You keep going like this… and you are going to not only live up to your stated aspirations, maybe even exceeding them, but you are going to have a very interesting, must read publication. That is how I had planed to end the last sentence in my prior letter, but then the best laid plans of mice and men. Or perhaps it was just fate this week’s edition contains an excellent start covering an important issue even though it is not “nice” and entails a certain amount of controversy.

Perspective – Whoa! An informative piece hinting at the temptations that a drug can have, the seductive promises that the drug and its effects can make: euphoria, endless energy, decreased appetite (easy weight loss), alertness. For the education of the public who tend to only see the end product of drugs – the addict – Ms Daniel paints a picture of the ordinary people that it lures into using with its siren song. The housewife, mother, sons and daughters, outstanding school athletes and scholars, fathers, business people - these are the real people that lie buried within the addicts that end up on our streets. Hopefully articles such as this can help people to see that the “addicts” are people, people suffering from listening to the seductive promises of a “mother’s little helper”. Then perhaps we can cease judging and concentrate on healing.

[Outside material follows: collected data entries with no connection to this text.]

lemma circular_coloring_rotate:
  assumes G: "signed_graph G" and "r > 0" and f: "circular_coloring G r f"
  shows "circular_coloring G r (\<lambda>v. (f v + c) rmod r)"
  unfolding circular_coloring_def
proof (intro conjI ballI impI)
  fix v
  show "0 \<le> (f v + c) rmod r" "(f v + c) rmod r < r"
    using \<open>r > 0\<close> by (simp_all add: rmod_nonneg rmod_less)
next
  fix e assume e: "e \<in> edges G"
  let ?u = "fst (ends G e)" and ?v = "snd (ends G e)"
  have "?u \<in> verts G" "?v \<in> verts G"
    using G e unfolding signed_graph_def by auto
  then have range: "0 \<le> f ?u" "f ?u < r" "0 \<le> f ?v" "f ?v < r"
    using f unfolding circular_coloring_def by auto
  show "1 \<le> circ_dist r ((f ?u + c) rmod r) ((f ?v + c) rmod r)" if "sgn G e = 1"
    using f e that \<open>r > 0\<close> range
    by (simp add: circ_dist_rotate circular_coloring_def)
  show "1 \<le> circ_dist r ((f ?u + c) rmod r) (antipode r ((f ?v + c) rmod r))" if "sgn G e = -1"
    using f e that \<open>r > 0\<close> range
    by (simp add: antipode_rotate circ_dist_rotate antipode_range circular_coloring_def)
qed

lemma circular_coloring_cart_prod_iff:
  "circular_coloring (cart_prod G H) r F \<longleftrightarrow>
     (\<forall>x\<in>verts H. circular_coloring G r (\<lambda>u. F (u, x))) \<and>
     (\<forall>u\<in>verts G. circular_coloring H r (\<lambda>x. F (u, x)))"
  unfolding circular_coloring_def cart_prod_def by (simp add: ball_Un) blast

lemma circ_dist_scale:
  assumes "t > 0"
  shows "circ_dist (t * r) (t * x) (t * y) = t * circ_dist r x y"
proof -
  have "\<bar>t * x - t * y\<bar> = t * \<bar>x - y\<bar>"
    using assms by (simp add: abs_mult flip: right_diff_distrib)
  then show ?thesis
    unfolding circ_dist_def using assms by (simp add: min_mult_distrib_left right_diff_distrib)
qed

lemma antipode_scale:
  assumes "t > 0"
  shows "antipode (t * r) (t * y) = t * antipode r y"
proof -
  have "t * y + t * r / 2 = t * (y + r / 2)"
    by (simp add: algebra_simps)
  then have "t * y + t * r / 2 < t * r \<longleftrightarrow> y + r / 2 < r"
    using assms by simp
  then show ?thesis
    unfolding antipode_def by (simp add: algebra_simps)
qed

lemma circular_coloring_scale:
  assumes "t \<ge> 1" and f: "circular_coloring G r f"
  shows "circular_coloring G (t * r) (\<lambda>v. t * f v)"
  unfolding circular_coloring_def
proof (intro conjI ballI impI)
  fix v assume "v \<in> verts G"
  then show "0 \<le> t * f v" "t * f v < t * r"
    using f \<open>t \<ge> 1\<close> unfolding circular_coloring_def by auto
next
  have stretch: "1 \<le> t * d" if "1 \<le> d" for d :: real
    using that \<open>t \<ge> 1\<close> by (metis mult_mono mult_1 zero_le_one order_trans)
  fix e assume "e \<in> edges G"
  let ?u = "fst (ends G e)" and ?v = "snd (ends G e)"
  show "1 \<le> circ_dist (t * r) (t * f ?u) (t * f ?v)" if "sgn G e = 1"
    using f \<open>e \<in> edges G\<close> that \<open>t \<ge> 1\<close> stretch
    by (simp add: circ_dist_scale circular_coloring_def)
  show "1 \<le> circ_dist (t * r) (t * f ?u) (antipode (t * r) (t * f ?v))" if "sgn G e = -1"
    using f \<open>e \<in> edges G\<close> that \<open>t \<ge> 1\<close> stretch
    by (simp add: circ_dist_scale antipode_scale circular_coloring_def)
qed

text \<open>Number the vertices injectively by \<open>0, \<dots>, n - 1\<close> on a circle of circumference \<open>4 n\<close>:
  distinct labels are at distance in \<open>[1, n)\<close>, and every antipode lies at distance more than \<open>n\<close>
  from every label.\<close>

lemma ex_circular_coloring:
  assumes G: "signed_graph G"
  shows "\<exists>f. circular_coloring G (4 * real (card (verts G))) f"
proof -
  let ?n = "real (card (verts G))"
  have fin: "finite (verts G)" and n: "?n \<ge> 1"
    using G unfolding signed_graph_def by (auto simp: Suc_leI card_gt_0_iff)
  obtain h where h: "bij_betw h (verts G) {0..<card (verts G)}"
    using ex_bij_betw_finite_nat[OF fin] by blast
  define f where "f v = real (h v)" for v
  have range: "0 \<le> f v" "f v < ?n" if "v \<in> verts G" for v
    using h that unfolding f_def bij_betw_def by auto
  have apart: "1 \<le> \<bar>f u - f v\<bar>" if "u \<in> verts G" "v \<in> verts G" "u \<noteq> v" for u v
  proof -
    have "h u \<noteq> h v"
      using h that unfolding bij_betw_def inj_on_def by blast
    then show ?thesis
      unfolding f_def by linarith
  qed
  have "circular_coloring G (4 * ?n) f"
    unfolding circular_coloring_def
  proof (intro conjI ballI impI)
    fix v assume "v \<in> verts G"
    then show "0 \<le> f v" "f v < 4 * ?n"
      using range[of v] by auto
  next
    fix e assume "e \<in> edges G"
    let ?u = "fst (ends G e)" and ?v = "snd (ends G e)"
    have uv: "?u \<in> verts G" "?v \<in> verts G" "?u \<noteq> ?v"
      using G \<open>e \<in> edges G\<close> unfolding signed_graph_def by auto
    show "1 \<le> circ_dist (4 * ?n) (f ?u) (f ?v)"
      using apart[OF uv] range[OF uv(1)] range[OF uv(2)] unfolding circ_dist_def by auto
    have "antipode (4 * ?n) (f ?v) = f ?v + 2 * ?n"
      using range[OF uv(2)] unfolding antipode_def by auto
    then show "1 \<le> circ_dist (4 * ?n) (f ?u) (antipode (4 * ?n) (f ?v))"
      using range[OF uv(1)] range[OF uv(2)] unfolding circ_dist_def
      by (simp add: abs_if) (use n in linarith)
  qed
  then show ?thesis by blast
qed

definition admissible_circumferences :: "('v, 'e) sgraph \<Rightarrow> real set" where
  "admissible_circumferences G = {r. r \<ge> 2 \<and> (\<exists>f. circular_coloring G r f)}"

lemma bdd_below_admissible_circumferences: "bdd_below (admissible_circumferences G)"
  unfolding admissible_circumferences_def by (rule bdd_belowI[of _ 2]) auto

lemma circ_chrom_eq_Inf_admissible_circumferences:
  "circ_chrom G = Inf (admissible_circumferences G)"
  unfolding circ_chrom_def admissible_circumferences_def ..

lemma admissible_circumferences_upward_closed:
  assumes "r \<in> admissible_circumferences G" "r \<le> s"
  shows "s \<in> admissible_circumferences G"
proof -
  obtain f where f: "circular_coloring G r f" and "r \<ge> 2"
    using assms(1) unfolding admissible_circumferences_def by blast
  have "s = (s / r) * r" "s / r \<ge> 1"
    using \<open>r \<ge> 2\<close> \<open>r \<le> s\<close> by auto
  then have "circular_coloring G s (\<lambda>v. (s / r) * f v)"
    using circular_coloring_scale[OF _ f] by metis
  then show ?thesis
    using \<open>r \<ge> 2\<close> \<open>r \<le> s\<close> unfolding admissible_circumferences_def by auto
qed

The promise of the Post that this is only the first of a series on this issue holds forth the promise of bringing knowledge and understanding to allow Post readers to begin to comprehend the nature of the insanity that is drug addiction. Dare I hope for a perspective that examines what effect legality (nicotine, cigarettes) vs. illegality (crystal meth) can have on addiction, the addict, “functional users” and on crime.

The issue also contained Kevin Gilles’s article on the growing and increasingly visible challenge presented by homelessness. The first thought I want to share is that it is a rather damning comment on our society that the Salvation Army and other organizations that help those in distress need a PR hack … ahem, let’s make that a PR person as, in spite of her unfortunately required occupation, Deb is a nice person – whom I know as a caring individual. How can we have any expectation of achieving progress on a multifaceted series of interrelated acutely complex and muddled people problems, when on even the simple aspects of this gargantuan chaotic mess we have to apply spin in presenting even the most elementary and simple pieces of the issues to the public. Given that the only route I see holding promise to help the homeless regain their souls and their lives lies thru community involvement, how do we eradicate the need for PR, educate and involve the community?

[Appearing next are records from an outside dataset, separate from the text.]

lemma R_subset_completion: "A \<in> R \<Longrightarrow> A \<in> R'"
  unfolding completion_iff_approx_within approx_within_def using R_subset by blast

lemma completion_Un: "A1 \<in> R' \<Longrightarrow> A2 \<in> R' \<Longrightarrow> A1 \<union> A2 \<in> R'"
  and completion_Int: "A1 \<in> R' \<Longrightarrow> A2 \<in> R' \<Longrightarrow> A1 \<inter> A2 \<in> R'"
  and completion_Diff: "A1 \<in> R' \<Longrightarrow> A2 \<in> R' \<Longrightarrow> A1 - A2 \<in> R'"
  unfolding completion_iff_approx_within
  by (meson approx_within_Un approx_within_Int approx_within_Diff le_supI Int_lower1 Diff_subset
      order_trans)+

lemma approx_within_mu_close:
  assumes "approx_within A d1 B1" "approx_within A d2 B2" "0 \<le> d1" "0 \<le> d2"
  shows "av (mu B1 - mu B2) \<le> max d1 d2"
  using assms unfolding approx_within_def
  by (intro av_mu_diff_le_if_Nmu_le) (auto simp: le_max_iff_disj)

definition limit_value :: "'a set \<Rightarrow> 'k \<Rightarrow> bool" where
  "limit_value A v \<longleftrightarrow> (\<forall>d>0. \<forall>B. approx_within A d B \<longrightarrow> av (mu B - v) \<le> d)"

definition mu_ext :: "'a set \<Rightarrow> 'k" where
  "mu_ext A = (SOME v. limit_value A v)"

Perhaps the need for PR and what it says about our society should have been second on my list. First definitely has to be having a local newspaper that is part of and engaged with their communities, providing the needed forum for an examination of the reality of ours streets and an exchange of ideas – opening the gateway to addressing these pressing issues. We have to get past what people believe and most especially what they want to believe (because of their own personal world view) is the situation; to open their eyes and gain an awareness and a degree of understanding for the nitty-gritty, often dirty facts that underlie homelessness and its street kin - mental illness, drugs etc. We need an informed public on this matter so we do not need to spin what IS. To permit trying new ideas as well as adapting and using methods that have generated positive results elsewhere in the efforts to tackle these dilemmas. Adopting Edison’s attitude that he had not failed a thousand times in trying to invent the light bulb but had merely carried out the necessary thousand experiments, is crucial to making any true progress in addressing these problems. If we cannot honestly discuss: this worked, that did not work, this result wasn’t what we expected – why?, Say… how about trying this?, this kind of worked, and so on; we are going to find ourselves trapped in the quagmire that results from all the churning of the ground we are trying to work on by all the spin that these types of discussions would generate.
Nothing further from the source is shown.